Last week, the U.S. Court of Appeals for the Fifth Circuit, in a 2-1 decision, vacated the DOL fiduciary rule in its entirety. The lawsuit was brought by the U.S. Chamber of Commerce, SIFMA and a number of other business groups to challenge the validity of the fiduciary rule, and the Fifth Circuit ruled in their favor, concluding that the DOL, in adopting the fiduciary rule, overreached its authority and acted in an arbitrary and capricious manner in violation of the Administrative Procedure Act.
The immediate legal implication of the Fifth Circuit decision is not completely clear at this time. The decision will not become effective until the court issues a mandate, which is expected by May 7 if the DOL elects not to challenge the decision. Alternatively, the DOL could request a rehearing or rehearing en banc by the Fifth Circuit, which could delay the issuance of the mandate, or appeal the decision to the U.S. Supreme Court, in which case the court’s order to vacate the rule could be stayed during the pendency of the appeal. The DOL has not indicated what it plans to do next. It remains to be seen whether the DOL would expend any resources to challenge the Fifth Circuit decision, given that it is already in the process of re-examining the rule pursuant to a Presidential Memorandum from last year that cast negative views on the rule and is purportedly working with the SEC to develop a uniform fiduciary standard for all investment advisers and broker-dealers.
Another complicating factor is that the Tenth Circuit earlier last week upheld the fiduciary rule in a separate case that challenged the validity of the rule as it applies to the sale of fixed indexed annuities. While some commentators are calling this a circuit split, it should be noted that the Tenth Circuit decision was on the narrower issue of the rule’s treatment of annuity products whereas the Fifth Circuit decision was on the much broader issue of whether the DOL had authority to promulgate the rule; therefore, it can be argued that the two decisions are not in conflict with each other and the Fifth Circuit decision is, for the time being, the conclusive authority regarding the validity of the rule. If the Supreme Court agrees that there is no real circuit split, they may be less interested to hear an appeal of the Fifth Circuit decision. An additional variable is a case brought by the National Association of Fixed Annuities (NAFA) to challenge the fiduciary rule, which has been appealed to, and is currently pending before, the D.C. Circuit. It would be interesting to see what NAFA decides to do in light of the Fifth Circuit decision. Given the broad ruling of the Fifth Circuit decision, NAFA may decide to drop the case to avoid the risk of a true circuit split should the D.C. Circuit decide the other way.
Assuming that the Fifth Circuit decision is not contested and becomes effective, the entire fiduciary rule package (which includes the rule itself, the related new exemptions and amendments to certain existing exemptions) would be nullified and the definition of fiduciary investment advice would revert to the five-part test that was in place before the DOL promulgated the fiduciary rule and expanded that definition, and this effect would extend throughout the country and not be limited to the region covered by the Fifth Circuit.

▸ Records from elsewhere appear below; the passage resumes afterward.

lemma exists_odd_powr_window:
  assumes "\<alpha> \<ge> 1" "0 < t" "t < 1"
  obtains k :: nat where "odd k" "1 \<le> real k powr \<alpha> * t" "real k powr \<alpha> * t \<le> 3 powr \<alpha>"
proof -
  let ?P = "\<lambda>m::nat. 1 \<le> real (2 * m + 1) powr \<alpha> * t"
  have "?P (nat \<lceil>1 / t\<rceil>)"
  proof -
    have "1 / t \<le> real (2 * nat \<lceil>1 / t\<rceil> + 1)" by linarith
    also have "\<dots> = real (2 * nat \<lceil>1 / t\<rceil> + 1) powr 1" by simp
    also have "\<dots> \<le> real (2 * nat \<lceil>1 / t\<rceil> + 1) powr \<alpha>"
      using assms(1) by (intro powr_mono) auto
    finally show ?thesis using assms(2) by (simp add: field_simps)
  qed
  then obtain m where m: "?P m" and least: "\<And>m'. m' < m \<Longrightarrow> \<not> ?P m'"
    using exists_least_iff[of ?P] by blast
  have "m \<noteq> 0" using m assms(3) by (intro notI) simp
  then have below: "real (2 * m - 1) powr \<alpha> * t < 1"
    using least[of "m - 1"] by (simp add: algebra_simps)
  have "real (2 * m + 1) \<le> 3 * real (2 * m - 1)" using \<open>m \<noteq> 0\<close> by linarith
  then have "real (2 * m + 1) powr \<alpha> \<le> (3 * real (2 * m - 1)) powr \<alpha>"
    using assms(1) by (intro powr_mono2) auto
  then have "real (2 * m + 1) powr \<alpha> \<le> 3 powr \<alpha> * real (2 * m - 1) powr \<alpha>"
    by (simp add: powr_mult)
  then have "real (2 * m + 1) powr \<alpha> * t \<le> 3 powr \<alpha> * (real (2 * m - 1) powr \<alpha> * t)"
    using assms(2) by (simp add: mult_right_mono mult.assoc)
  also have "\<dots> \<le> 3 powr \<alpha>" using below by (simp add: mult_left_le)
  finally show ?thesis using that[of "2 * m + 1"] m by simp
qed
lemma DtN_bounded: "\<exists>C. \<forall>u0\<in>BD G (ringG D). graph_norm D (DtN G D a m u0) \<le> C * graph_norm G u0"
proof -
  obtain C where C: "C > 0" "\<And>p. p \<in> Domain (ringG D) \<times> Domain D \<Longrightarrow> norm p \<le> C * norm (mat1 G D a m p)"
    using mat1_bounded_below by blast
  obtain K where K: "K > 0" "\<And>x. norm (m x) \<le> K * norm x"
    using bounded_clop_pos_bound[OF m(1)] by blast
  define B where "B = C * (K + 1)"
  have "graph_norm D (DtN G D a m u0) \<le> (B + K * (B + 1)) * graph_norm G u0"
    if "u0 \<in> BD G (ringG D)" for u0
  proof -
    have u0: "u0 \<in> Domain G" using that BD_G_subset by blast
    define N where "N = graph_norm G u0"
    define p where "p = the_inv_into (Domain (ringG D) \<times> Domain D) (mat1 G D a m) (- m u0, op_app G u0)"
    have p: "p \<in> Domain (ringG D) \<times> Domain D" "mat1 G D a m p = (- m u0, op_app G u0)"
      unfolding p_def by (rule the_inv_into_onto_UNIV[OF mat1_bij])+
    have "norm p \<le> C * norm (- m u0, op_app G u0)" using C(2)[OF p(1)] p(2) by simp
    also have "\<dots> \<le> C * ((K + 1) * N)"
      using norm_Pair_le_bounded_fst[of "\<lambda>x. - m x" u0 K] K C(1)
      by (intro mult_left_mono) (simp_all add: N_def graph_norm_eq_norm)
    finally have P: "norm p \<le> B * N" by (simp add: B_def)
    have "homogeneous_sol (fst p + u0)" and aG: "a (op_app G (fst p + u0)) = snd p"
      using dirichlet_sol_mat1_inv[OF u0 p_def] by (simp_all add: dirichlet_sol_iff)
    then have D_snd: "snd p \<in> Domain D" "op_app D (snd p) = m (fst p + u0)"
      by (simp_all add: homogeneous_sol_def)
    have "graph_norm D (DtN G D a m u0) \<le> graph_norm D (snd p)"
      unfolding DtN_eq_mat1_inv[OF u0] p_def[symmetric]
      by (rule graph_norm_proj_BD_le[OF lin_op_D lin_op_ringD closed_ringD ringD_subset_D D_snd(1)])
    also have "\<dots> \<le> norm (snd p) + K * (norm (fst p) + norm u0)"
      using norm_Pair_le[of "snd p" "m (fst p + u0)"] K(2)[of "fst p + u0"]
        norm_triangle_ineq[of "fst p" u0] K(1)
      by (simp add: graph_norm_eq_norm D_snd) (smt (verit) mult_left_mono)
    also have "\<dots> \<le> B * N + K * (B * N + N)"
      using P norm_fst_le[of "fst p" "snd p"] norm_snd_le[where x = "fst p" and y = "snd p"] norm_fst_le[of u0 "op_app G u0"] K(1)
      by (intro add_mono mult_left_mono) (simp_all add: N_def graph_norm_eq_norm)
    also have "\<dots> = (B + K * (B + 1)) * N" by (simp add: algebra_simps)
    finally show ?thesis by (simp add: N_def)
  qed
  then show ?thesis by blast
qed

Since the DOL first released the fiduciary rule nearly two years ago, financial institutions and other stakeholders have undertaken massive overhauls in their business models relating to retirement investors to comply with the rule and its exemptions. While the Fifth Circuit decision might be welcome news to many financial institutions, it would probably be premature to take any significant actions (such as undoing all the recently-implemented changes) at this time in light of the uncertainty of the DOL’s next steps and the possibility of a joint-agency rule down the road on a uniform fiduciary standard. For now, stakeholders can take comfort that the DOL has stated that, pending further review, it will not enforce the fiduciary rule. This new statement of non-enforcement is arguably stronger than the moratorium that is currently in place, which stated that the DOL will not pursue claims against parties that are working diligently and in good faith to comply with the rule and its exemptions.